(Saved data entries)
(* Let $n\ge2$, $\alpha\in(-n,0)$ and let $\phi$ be a Young function satisfying $\underline\Lambda_\phi(\alpha)<\infty$ and $\overline\Lambda_\phi(\alpha)<\infty$. (i) If $\Omega\subset\mathbb R^n$ is a bounded globally $n$-regular domain with constant $\theta$, then there exists a constant $C>0$ depending only on $n,\alpha,\phi,\theta$ such that $\|u-u_\Omega\|_{L^{n/|\alpha|}(\Omega)}\le C\|u\|_{\dot{\mathbf B}^{\alpha,\phi}(\Omega)}$ for all $u\in\dot{\mathbf B}^{\alpha,\phi}(\Omega)$. (ii) If $\Omega\subset\mathbb R^n$ is an unbounded globally $n$-regular domain with constant $\theta$, then there exists a constant $C>0$ depending only on $n,\alpha,\phi,\theta$ such that $\|u\|_{L^{n/|\alpha|}(\Omega)}\le C\|u\|_{\dot{\mathbf B}^{\alpha,\phi}(\Omega)}$ for all $u\in\dot{\mathbf B}^{\alpha,\phi}(\Omega)$ with $|\{x\in\Omega:|u(x)|>a\}|<\infty$ for all $a>0$.
   Context: A Young function is $\phi\in C([0,\infty))$, convex, with $\phi(0)=0$, $\phi(t)>0$ for $t>0$, $\lim_{t\to\infty}\phi(t)=\infty$. $\underline\Lambda_\phi(\alpha):=\sup_{x>0}\int_0^1\frac{\phi(t^{1-\alpha}x)}{\phi(x)}\frac{dt}{t^{n+1}}$, $\overline\Lambda_\phi(\alpha):=\sup_{x>0}\int_1^\infty\frac{\phi(t^{-\alpha}x)}{\phi(x)}\frac{dt}{t^{n+1}}$. $\dot{\mathbf B}^{\alpha,\phi}(\Omega)$ is the space of measurable $u$ on $\Omega$ with finite $\|u\|_{\dot{\mathbf B}^{\alpha,\phi}(\Omega)}:=\inf\{\lambda>0:\int_\Omega\int_\Omega\phi(\frac{|u(x)-u(y)|}{\lambda|x-y|^{\alpha}})\frac{dx\,dy}{|x-y|^{2n}}\le1\}$. $u_\Omega$ is the average of $u$ over $\Omega$. A domain $\Omega$ is globally $n$-regular (with constant $\theta\in(0,1)$) if $|B(x,r)\cap\Omega|\ge\theta r^n$ for all $x\in\Omega$ and all $0<r<2\operatorname{diam}\Omega$. *)

theory Defs
  imports "HOL-Analysis.Analysis"
begin

definition young_function :: "(real \<Rightarrow> real) \<Rightarrow> bool" where
  "young_function \<phi> \<longleftrightarrow>
     continuous_on {0..} \<phi> \<and> convex_on {0..} \<phi> \<and> \<phi> 0 = 0 \<and>
     (\<forall>t>0. \<phi> t > 0) \<and> filterlim \<phi> at_top at_top"

definition Lambda_lower :: "nat \<Rightarrow> (real \<Rightarrow> real) \<Rightarrow> real \<Rightarrow> ennreal" where
  "Lambda_lower n \<phi> \<alpha> = (SUP x\<in>{0<..}.
     \<integral>\<^sup>+ t\<in>{0<..<1}. ennreal (\<phi> (t powr (1 - \<alpha>) * x) / \<phi> x / t ^ (n + 1)) \<partial>lborel)"

definition Lambda_upper :: "nat \<Rightarrow> (real \<Rightarrow> real) \<Rightarrow> real \<Rightarrow> ennreal" where
  "Lambda_upper n \<phi> \<alpha> = (SUP x\<in>{0<..}.
     \<integral>\<^sup>+ t\<in>{1<..}. ennreal (\<phi> (t powr (- \<alpha>) * x) / \<phi> x / t ^ (n + 1)) \<partial>lborel)"

text \<open>Besov-Orlicz modular and (Luxemburg-type) seminorm, valued in ennreal
  (the infimum of the empty set is infinity).\<close>
definition besov_modular ::
  "real \<Rightarrow> (real \<Rightarrow> real) \<Rightarrow> (real^'n) set \<Rightarrow> (real^'n \<Rightarrow> real) \<Rightarrow> real \<Rightarrow> ennreal" where
  "besov_modular \<alpha> \<phi> \<Omega> u s =
     (\<integral>\<^sup>+ x\<in>\<Omega>. (\<integral>\<^sup>+ y\<in>\<Omega>.
        ennreal (\<phi> (\<bar>u x - u y\<bar> / (s * dist x y powr \<alpha>)) / dist x y ^ (2 * CARD('n)))
      \<partial>lebesgue) \<partial>lebesgue)"
lemma preserves_tensor_null_prod:
  assumes "finite F" "\<And>f. f \<in> F \<Longrightarrow> preserves_tensor_null I E z (g f)"
  shows "preserves_tensor_null I E z (\<lambda>i. \<Prod>f\<in>F. g f i)"
  using assms
proof (induction rule: finite_induct)
  case empty
  then show ?case using preserves_tensor_null_const[of I E z 1] by simp
next
  case (insert f F)
  then show ?case by (simp add: preserves_tensor_null_mult)
qed

text \<open>The multipliers preserving tensor_null contain the coordinates and form an algebra,
  so they contain a polynomial in the coordinates that vanishes on I exactly off j.\<close>

lemma tensor_null_eq_0:
  fixes z :: "'e \<Rightarrow> 'i \<Rightarrow> real"
  assumes "finite I" "finite E"
    and separating: "\<And>i j. i \<in> I \<Longrightarrow> j \<in> I \<Longrightarrow> i \<noteq> j \<Longrightarrow> \<exists>e\<in>E. z e i \<noteq> z e j"
    and "tensor_null I E z b" "j \<in> I"
  shows "b j = 0"
proof -
  have "\<forall>i\<in>I - {j}. \<exists>e. e \<in> E \<and> z e j \<noteq> z e i"
    using separating \<open>j \<in> I\<close> by blast
  from bchoice[OF this]
  obtain sep where sep: "\<forall>i\<in>I - {j}. sep i \<in> E \<and> z (sep i) j \<noteq> z (sep i) i"
    by blast
  define h where "h x = (\<Prod>i\<in>I - {j}. z (sep i) x - z (sep i) i)" for x
  have "preserves_tensor_null I E z (\<lambda>x. z (sep i) x + - z (sep i) i)" if "i \<in> I - {j}" for i
  proof (rule preserves_tensor_null_add[OF assms(2)])
    show "preserves_tensor_null I E z (z (sep i))"
      using sep that assms(2) by (simp add: preserves_tensor_null_coordinate)
  qed (rule preserves_tensor_null_const)
  then have "preserves_tensor_null I E z h"
    unfolding h_def using assms(1) by (intro preserves_tensor_null_prod) auto
  with assms(4) have "tensor_sqnorm I E z 0 (\<lambda>i. b i * h i) = 0"
    unfolding preserves_tensor_null_def tensor_null_def by blast
  moreover have "h i = 0" if "i \<in> I - {j}" for i
    unfolding h_def using that assms(1) by (intro prod_zero) auto
  then have "(\<Sum>i\<in>I. b i * h i) = b j * h j"
    using assms(1,5) by (simp add: sum.remove)
  moreover have "h j \<noteq> 0" using sep assms(1) by (simp add: h_def prod_zero_iff)
  ultimately show ?thesis by simp
qed

lemma exp_gram_strictly_pos_def:
  fixes z :: "'e \<Rightarrow> 'i \<Rightarrow> real"
  assumes "finite I" "finite E"
    and separating: "\<And>i j. i \<in> I \<Longrightarrow> j \<in> I \<Longrightarrow> i \<noteq> j \<Longrightarrow> \<exists>e\<in>E. z e i \<noteq> z e j"
    and "\<exists>j\<in>I. b j \<noteq> 0" "0 < s"
  shows "0 < (\<Sum>i\<in>I. \<Sum>j\<in>I. b i * b j * exp (s * (\<Sum>e\<in>E. z e i * z e j)))"
proof -
  define G where "G i j = (\<Sum>e\<in>E. z e i * z e j)" for i j
  have series: "(\<lambda>k. s^k / fact k * tensor_sqnorm I E z k b) sums (\<Sum>i\<in>I. \<Sum>j\<in>I. b i * b j * exp (s * G i j))"
  proof -
    have "(\<lambda>k. \<Sum>i\<in>I. \<Sum>j\<in>I. b i * b j * ((s * G i j)^k /\<^sub>R fact k))
        sums (\<Sum>i\<in>I. \<Sum>j\<in>I. b i * b j * exp (s * G i j))"
      by (intro sums_sum sums_mult exp_converges)
    moreover have "(\<Sum>i\<in>I. \<Sum>j\<in>I. b i * b j * ((s * G i j)^k /\<^sub>R fact k)) = s^k / fact k * tensor_sqnorm I E z k b" for k
    proof -
      have "tensor_sqnorm I E z k b = (\<Sum>i\<in>I. \<Sum>j\<in>I. b i * b j * G i j ^ k)"
        by (simp add: tensor_sqnorm_eq_gram_power G_def)
      then show ?thesis by (simp add: sum_distrib_left power_mult_distrib divide_inverse mult_ac)
    qed
    ultimately show ?thesis by simp
  qed
  obtain j where "j \<in> I" "b j \<noteq> 0" using assms(4) by blast
  then have "\<not> tensor_null I E z b" using tensor_null_eq_0[of I E z b j] assms(1-3) by blast
  then obtain k where "tensor_sqnorm I E z k b \<noteq> 0" unfolding tensor_null_def by blast
  then have "0 < s^k / fact k * tensor_sqnorm I E z k b"
    using \<open>0 < s\<close> tensor_sqnorm_nonneg[of I E z k b] by simp
  moreover have "0 \<le> s^n / fact n * tensor_sqnorm I E z n b" for n
    using \<open>0 < s\<close> by (simp add: tensor_sqnorm_nonneg)
  ultimately have "0 < suminf (\<lambda>k. s^k / fact k * tensor_sqnorm I E z k b)"
    using sums_summable[OF series] by (intro suminf_pos2) auto
  then show ?thesis using sums_unique[OF series] by (simp add: G_def)
qed

lemma finite_orthonormal_coordinates:
  fixes S :: "'a::real_inner set"
  assumes "finite S"
  obtains B where "finite B" "S \<subseteq> span B"
    "\<And>x y. y \<in> span B \<Longrightarrow> x \<bullet> y = (\<Sum>e\<in>B. (x \<bullet> e) * (y \<bullet> e))"
proof -
  obtain C where C: "finite C" "span C = span S" "pairwise orthogonal C"
    using basis_orthogonal[OF assms] by blast
  define B where "B = (\<lambda>x. x /\<^sub>R norm x) ` (C - {0})"
  have "finite B" using C(1) by (simp add: B_def)
  have span_B: "span B = span S"
    using span_image_scale[of "C - {0}" "\<lambda>x. inverse (norm x)"] C(1,2) by (simp add: B_def)
  have orth: "pairwise orthogonal B"
  proof (unfold pairwise_def, intro ballI impI)
    fix u v assume "u \<in> B" "v \<in> B" "u \<noteq> v"
    then obtain x y where "x \<in> C" "y \<in> C" "u = x /\<^sub>R norm x" "v = y /\<^sub>R norm y"
      by (auto simp: B_def)
    with \<open>u \<noteq> v\<close> C(3) have "orthogonal x y" by (auto simp: pairwise_def)
    then show "orthogonal u v" by (simp add: \<open>u = _\<close> \<open>v = _\<close> orthogonal_clauses)
  qed
  have unit: "\<And>e. e \<in> B \<Longrightarrow> norm e = 1"
    by (auto simp: B_def field_simps split: if_splits)
  show ?thesis
  proof (rule that)
    show "finite B" by fact
    show "S \<subseteq> span B" using span_B span_superset by blast
    fix x y assume "y \<in> span B"
    then have "x \<bullet> y = x \<bullet> (\<Sum>e\<in>B. (y \<bullet> e) *\<^sub>R e)"
      using orthonormal_basis_expand[OF orth unit _ \<open>finite B\<close>] by simp
    then show "x \<bullet> y = (\<Sum>e\<in>B. (x \<bullet> e) * (y \<bullet> e))"
      by (simp add: inner_sum_right mult.commute)
  qed
qed

lemma exp_inner_strictly_pos_def:
  fixes p :: "'i \<Rightarrow> 'a::real_inner"
  assumes "finite I" "inj_on p I" "\<exists>j\<in>I. b j \<noteq> 0" "0 < s"
  shows "0 < (\<Sum>i\<in>I. \<Sum>j\<in>I. b i * b j * exp (s * (p i \<bullet> p j)))"
proof -
  obtain B where B: "finite B" "p ` I \<subseteq> span B"
    and gram: "\<And>x y. y \<in> span B \<Longrightarrow> x \<bullet> y = (\<Sum>e\<in>B. (x \<bullet> e) * (y \<bullet> e))"
    using finite_orthonormal_coordinates[of "p ` I"] assms(1) by blast
  define z where "z e i = p i \<bullet> e" for e i
  have gram_z: "p i \<bullet> p j = (\<Sum>e\<in>B. z e i * z e j)" if "j \<in> I" for i j
    unfolding z_def using B(2) that by (intro gram) auto
  have "\<exists>e\<in>B. z e i \<noteq> z e j" if "i \<in> I" "j \<in> I" "i \<noteq> j" for i j
  proof (rule ccontr)
    assume "\<not> (\<exists>e\<in>B. z e i \<noteq> z e j)"
    then have "e \<bullet> p i = e \<bullet> p j" if "e \<in> B" for e
      using that by (simp add: z_def inner_commute)
    moreover have "p i \<in> span B" "p j \<in> span B" using B(2) \<open>i \<in> I\<close> \<open>j \<in> I\<close> by auto
    ultimately have "p i = p j" by (metis vector_eq_dot_span)
    with assms(2) that show False by (auto dest: inj_onD)
  qed
  then have "0 < (\<Sum>i\<in>I. \<Sum>j\<in>I. b i * b j * exp (s * (\<Sum>e\<in>B. z e i * z e j)))"
    using exp_gram_strictly_pos_def[OF assms(1) B(1)] assms(3,4) by blast
  also have "\<dots> = (\<Sum>i\<in>I. \<Sum>j\<in>I. b i * b j * exp (s * (p i \<bullet> p j)))"
    by (intro sum.cong refl) (simp add: gram_z)
  finally show ?thesis .
qed

lemma gaussian_strictly_pos_def:
  fixes p :: "'i \<Rightarrow> 'a::real_inner"
  assumes "finite I" "inj_on p I" "\<exists>j\<in>I. c j \<noteq> 0" "0 < s"
  shows "0 < (\<Sum>i\<in>I. \<Sum>j\<in>I. c i * c j * exp (- (s * (norm (p i - p j))^2)))"
proof -
  define b where "b i = c i * exp (- (s * (norm (p i))^2))" for i
  have "exp (- (s * (norm (p i - p j))^2))
      = exp (- (s * (norm (p i))^2)) * exp (- (s * (norm (p j))^2)) * exp (2 * s * (p i \<bullet> p j))" for i j
  proof -
    have "- (s * (norm (p i - p j))^2) = - (s * (norm (p i))^2) + - (s * (norm (p j))^2) + 2 * s * (p i \<bullet> p j)"
      by (simp add: power2_norm_eq_inner inner_diff_left inner_diff_right inner_commute algebra_simps)
    then show ?thesis by (simp only: exp_add)
  qed
  then have "(\<Sum>i\<in>I. \<Sum>j\<in>I. c i * c j * exp (- (s * (norm (p i - p j))^2)))
      = (\<Sum>i\<in>I. \<Sum>j\<in>I. b i * b j * exp (2 * s * (p i \<bullet> p j)))"
    by (simp add: b_def mult_ac)
  also have "0 < \<dots>"
    using assms by (intro exp_inner_strictly_pos_def) (auto simp: b_def)
  finally show ?thesis .
qed

text \<open>Substituting \<open>x \<mapsto> x / t\<close> shows that \<open>t powr \<alpha>\<close> is a positive multiple of the integral of
  powr_kernel \<alpha> t, i.e. a positive mixture of the functions \<open>t \<mapsto> 1 - exp (- x * t)\<close>.\<close>

definition powr_kernel :: "real \<Rightarrow> real \<Rightarrow> real \<Rightarrow> real" where
  "powr_kernel \<alpha> t x = indicator {0<..} x * ((1 - exp (- (x * t))) * x powr (- 1 - \<alpha>))"

lemma powr_kernel_integrable_on_unit_interval:
  assumes "0 < \<alpha>" "\<alpha> < 1"
  shows "set_integrable lebesgue {0<..1} (\<lambda>x::real. (1 - exp (- x)) * x powr (- 1 - \<alpha>))"
  unfolding set_integrable_def
proof (rule Bochner_Integration.integrable_bound [OF _ _ AE_I2])
  show "integrable lebesgue (\<lambda>x. indicat_real {0<..1} x *\<^sub>R x powr (- \<alpha>))"
    using assms
    by (intro nonnegative_absolutely_integrable_1 [unfolded set_integrable_def] integrable_on_powr_from_0') auto
  show "(\<lambda>x. indicat_real {0<..1} x *\<^sub>R ((1 - exp (- x)) * x powr (- 1 - \<alpha>))) \<in> borel_measurable lebesgue"
    by (intro measurable_completion)
       (auto intro!: borel_measurable_continuous_on_indicator continuous_intros)
  fix x :: real
  show "norm (indicat_real {0<..1} x *\<^sub>R ((1 - exp (- x)) * x powr (- 1 - \<alpha>)))
      \<le> norm (indicat_real {0<..1} x *\<^sub>R x powr (- \<alpha>))"
  proof (cases "x \<in> {0<..1}")
    case True
    then have x: "0 < x" by auto
    have "(1 - exp (- x)) * x powr (- 1 - \<alpha>) \<le> x * x powr (- 1 - \<alpha>)"
      using exp_ge_add_one_self[of "- x"] by (intro mult_right_mono) auto
    also have "x * x powr (- 1 - \<alpha>) = x powr (- \<alpha>)"
      using x by (simp add: powr_mult_base)
    finally show ?thesis using True x by (simp add: abs_mult)
  qed simp
qed

lemma powr_kernel_integrable_on_tail:
  assumes "0 < \<alpha>"
  shows "set_integrable lebesgue {1..} (\<lambda>x::real. (1 - exp (- x)) * x powr (- 1 - \<alpha>))"
  unfolding set_integrable_def
proof (rule Bochner_Integration.integrable_bound [OF _ _ AE_I2])
  have "(\<lambda>x. x powr (- 1 - \<alpha>)) integrable_on {1..}"
    using has_integral_powr_to_inf[of "- 1 - \<alpha>" 1] assms unfolding integrable_on_def by auto
  then show "integrable lebesgue (\<lambda>x. indicat_real {1..} x *\<^sub>R x powr (- 1 - \<alpha>))"
    by (intro nonnegative_absolutely_integrable_1 [unfolded set_integrable_def]) auto
  show "(\<lambda>x. indicat_real {1..} x *\<^sub>R ((1 - exp (- x)) * x powr (- 1 - \<alpha>))) \<in> borel_measurable lebesgue"
    by (intro measurable_completion)
       (auto intro!: borel_measurable_continuous_on_indicator continuous_intros)
  fix x :: real
  show "norm (indicat_real {1..} x *\<^sub>R ((1 - exp (- x)) * x powr (- 1 - \<alpha>)))
      \<le> norm (indicat_real {1..} x *\<^sub>R x powr (- 1 - \<alpha>))"
  proof (cases "x \<in> {1..}")
    case True
    then have "0 \<le> 1 - exp (- x)" "1 - exp (- x) \<le> 1" by auto
    then show ?thesis using True by (simp add: abs_mult mult_left_le_one_le)
  qed simp
qed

**EXERCISE PROMPT**
What you return should be exactly the lines above, starting at the one with "then show ?thesis by (simp only: exp_add)" and ending at the one with "real \<Rightarrow> real \<Rightarrow>", and nothing else.

**FINISHED EXERCISE**
    then show ?thesis by (simp only: exp_add)
  qed
  then have "(\<Sum>i\<in>I. \<Sum>j\<in>I. c i * c j * exp (- (s * (norm (p i - p j))^2)))
      = (\<Sum>i\<in>I. \<Sum>j\<in>I. b i * b j * exp (2 * s * (p i \<bullet> p j)))"
    by (simp add: b_def mult_ac)
  also have "0 < \<dots>"
    using assms by (intro exp_inner_strictly_pos_def) (auto simp: b_def)
  finally show ?thesis .
qed

text \<open>Substituting \<open>x \<mapsto> x / t\<close> shows that \<open>t powr \<alpha>\<close> is a positive multiple of the integral of
  powr_kernel \<alpha> t, i.e. a positive mixture of the functions \<open>t \<mapsto> 1 - exp (- x * t)\<close>.\<close>

definition powr_kernel :: "real \<Rightarrow> real \<Rightarrow> real \<Rightarrow> real" where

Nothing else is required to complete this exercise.